Peonies do not require too much maintenance if you ensure that they are planted correctly, and they do not respond well to transplanting. The best time to plant a peony is in late September and October. Peonies should be planted about six weeks before the freezing temperatures. Peonies that are planted in the spring don’t develop as well and usually lag behind a year before those planted in autumn.

They are not picky about the place you plant them, but you should consider planting them in an area that is free of disturbance and doesn’t require transplanting. A lot of sunshine isn’t necessary to grow a peony, and they can manage with half a day, but if you want them to bloom fully, a sunny spot is best. The ground should be fertile, moist, and humus-rich, as well as a neutral pH.

When planting them, place them three to four feet apart to facilitate air circulation, and dig a copious hole, 2 feet wide and deep, in moist soil and a sunny spot. Place the root, so the buds face upwards, just 2 inches below the soil surface. When backfilling the hole, make sure it doesn’t push down and bury the root, be gentle when tamping it, and water it thoroughly.

How to Take Care of Your Peonies?

When planting a new peony, they require time to develop. They usually take a few years before they bloom, grow, and establish themselves. They do not require much maintenance, so it should be easy to care for them.

The soil should be well worked before planting, mixed with a little fertilizer and compost. If the soil is not fertile enough, you should apply fertilizer in the early summer, after the peony blossoms, and you should do so every few years. Peonies have weak stems which jeopardize their structural stability because of the enormous bloom, so it is advisable to invest in a three-legged metal peony ring or wire tomato cages to let the plant grow through the center of the support.

Mulch should be very rarely used. It should be used only in the cold temperature, and with very small amounts of pine needles and shredded balk, and you should remove the mulch in the spring.

Why Should You Care for a Peony?

While they usually average at 5 to 6 inches across at full blossom, some can develop into a gigantic 10 inches in diameter. The peony, also referred to as the flower of riches, is often symbolistically depicted to bring good fortune, luck, and happy marriage. It is also chosen as the official flower of the 12th marriage anniversary.

The peony is an inspiration for creative minds. For centuries, the peony inspired Chinese artists, writers and poets, and even European artists, including Van Gogh and Renoir.

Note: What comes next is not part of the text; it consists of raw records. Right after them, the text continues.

lemma ex_germ_lift:
  assumes "openin X U" "x \<in> U" "u \<in> S3 U"
  shows "\<exists>V. \<exists>t\<in>S2 V. openin X V \<and> x \<in> V \<and> germ_eq X r3 x V (\<psi> V t) U u"
proof -
  have "x \<in> topspace X" "openin X U \<and> x \<in> U"
    using assms(1,2) openin_subset by blast+
  from exact_unfolded[THEN conjunct2, THEN conjunct2, THEN conjunct2, rule_format, OF this(1) assms(3) this(2)]
  show ?thesis .
qed

lemma comp_eq_zero: "openin X U \<Longrightarrow> s \<in> S1 U \<Longrightarrow> \<psi> U (\<phi> U s) = 0"
  by (rule F3.eq_zero_if_germs_zero) (auto intro: germ_zero_comp psi.map_in phi.map_in)

lemma inj_on_phi:
  assumes U: "openin X U"
  shows "inj_on (\<phi> U) (S1 U)"
proof (rule inj_onI)
  fix a b assume a: "a \<in> S1 U" and b: "b \<in> S1 U" and eq: "\<phi> U a = \<phi> U b"
  have "a - b = 0"
  proof (rule F1.eq_zero_if_germs_zero[OF U F1.diff_in[OF U a b]])
    fix x assume x: "x \<in> U"
    have "\<phi> U (a - b) = 0"
      using phi.map_diff[OF U a b] eq by simp
    then have "germ_zero X r2 x U (\<phi> U (a - b))"
      unfolding germ_zero_def using U x F2.res_id[OF U F2.zero_in[OF U]] by auto
    with stalk_injective_phi show "germ_zero X r1 x U (a - b)"
      unfolding stalk_injective_def using U x openin_subset F1.diff_in[OF U a b] by blast
  qed
  then show "a = b"
    by simp
qed

lemma ex_local_preimage:
  assumes U: "openin X U" and x: "x \<in> U" and t: "t \<in> S2 U" and "\<psi> U t = 0"
  obtains W s where "openin X W" "x \<in> W" "W \<subseteq> U" "s \<in> S1 W" "\<phi> W s = r2 U W t"
proof -
  have "germ_zero X r3 x U (\<psi> U t)"
    unfolding germ_zero_def \<open>\<psi> U t = 0\<close> using U x F3.res_id[OF U F3.zero_in[OF U]] by blast
  then obtain V s where s: "s \<in> S1 V" "openin X V" "germ_eq X r2 x V (\<phi> V s) U t"
    using ex_germ_preimage[OF U x t] by blast
  then obtain W where W: "openin X W" "x \<in> W" "W \<subseteq> V \<inter> U" "r2 V W (\<phi> V s) = r2 U W t"
    unfolding germ_eq_def by blast
  have "\<phi> W (r1 V W s) = r2 U W t"
    using phi.map_res[OF s(2) W(1) _ s(1)] W(3,4) by simp
  moreover have "r1 V W s \<in> S1 W"
    using F1.res_in[OF s(2) W(1) _ s(1)] W(3) by simp
  ultimately show thesis
    using that W(1-3) by blast
qed

lemma in_range_phi_if_local:
  assumes U: "openin X U" and t: "t \<in> S2 U"
    and local: "\<And>x. x \<in> U \<Longrightarrow> \<exists>W. openin X W \<and> x \<in> W \<and> W \<subseteq> U \<and> (\<exists>s\<in>S1 W. \<phi> W s = r2 U W t)"
  obtains s where "s \<in> S1 U" "\<phi> U s = t"
proof -
  define \<U> where "\<U> = {W. openin X W \<and> W \<subseteq> U \<and> (\<exists>s\<in>S1 W. \<phi> W s = r2 U W t)}"
  define f where "f W = (SOME s. s \<in> S1 W \<and> \<phi> W s = r2 U W t)" for W
  have \<U>_open: "openin X W \<and> W \<subseteq> U" if "W \<in> \<U>" for W
    using that unfolding \<U>_def by blast
  have \<U>_cover: "\<Union>\<U> = U"
    using local unfolding \<U>_def by blast
  have f: "f W \<in> S1 W" "\<phi> W (f W) = r2 U W t" if "W \<in> \<U>" for W
    using someI_ex[of "\<lambda>s. s \<in> S1 W \<and> \<phi> W s = r2 U W t"] that unfolding \<U>_def f_def by blast+
  have f_compatible: "r1 W (W \<inter> W') (f W) = r1 W' (W \<inter> W') (f W')" if "W \<in> \<U>" "W' \<in> \<U>" for W W'
  proof -
    have W: "openin X W" "W \<subseteq> U" and W': "openin X W'" "W' \<subseteq> U" and WW': "openin X (W \<inter> W')"
      using \<U>_open that by blast+
    have "\<phi> (W \<inter> W') (r1 W (W \<inter> W') (f W)) = r2 U (W \<inter> W') t"
      using phi.map_res[OF W(1) WW' _ f(1)[OF that(1)]] f(2)[OF that(1)] F2.res_trans[OF U W(1) WW' _ W(2) t]
      by simp
    moreover have "\<phi> (W \<inter> W') (r1 W' (W \<inter> W') (f W')) = r2 U (W \<inter> W') t"
      using phi.map_res[OF W'(1) WW' _ f(1)[OF that(2)]] f(2)[OF that(2)] F2.res_trans[OF U W'(1) WW' _ W'(2) t]
      by simp
    ultimately show ?thesis
      using inj_onD[OF inj_on_phi[OF WW']] F1.res_in[OF W(1) WW'] F1.res_in[OF W'(1) WW'] f(1) that
      by simp
  qed
  obtain s where s: "s \<in> S1 U" "\<And>W. W \<in> \<U> \<Longrightarrow> r1 U W s = f W"
    by (rule F1.ex_glued[OF U \<U>_open \<U>_cover f(1) f_compatible]) auto
  have "\<phi> U s = t"
  proof (rule F2.eq_if_res_eq[OF U \<U>_open \<U>_cover phi.map_in[OF U s(1)] t])
    fix W assume "W \<in> \<U>"
    then show "r2 U W (\<phi> U s) = r2 U W t"
      using phi.map_res[OF U, of W s] \<U>_open s f(2) by simp
  qed
  then show thesis
    using that s(1) by blast
qed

Used by people throughout the years to bring a profit, this plant made millions for luxury fragrance specialists by extracting the sweet scent and bottling it into candles, body mists, perfumes, and lotions sold around the world. The Alex Fleming pink peony is mainly known as one of the most aromatic and fragranced varieties of peony. They can make for an excellent gift for your wife or mother, bringing them the aroma of tranquility and elegance that these Chinese plants often do.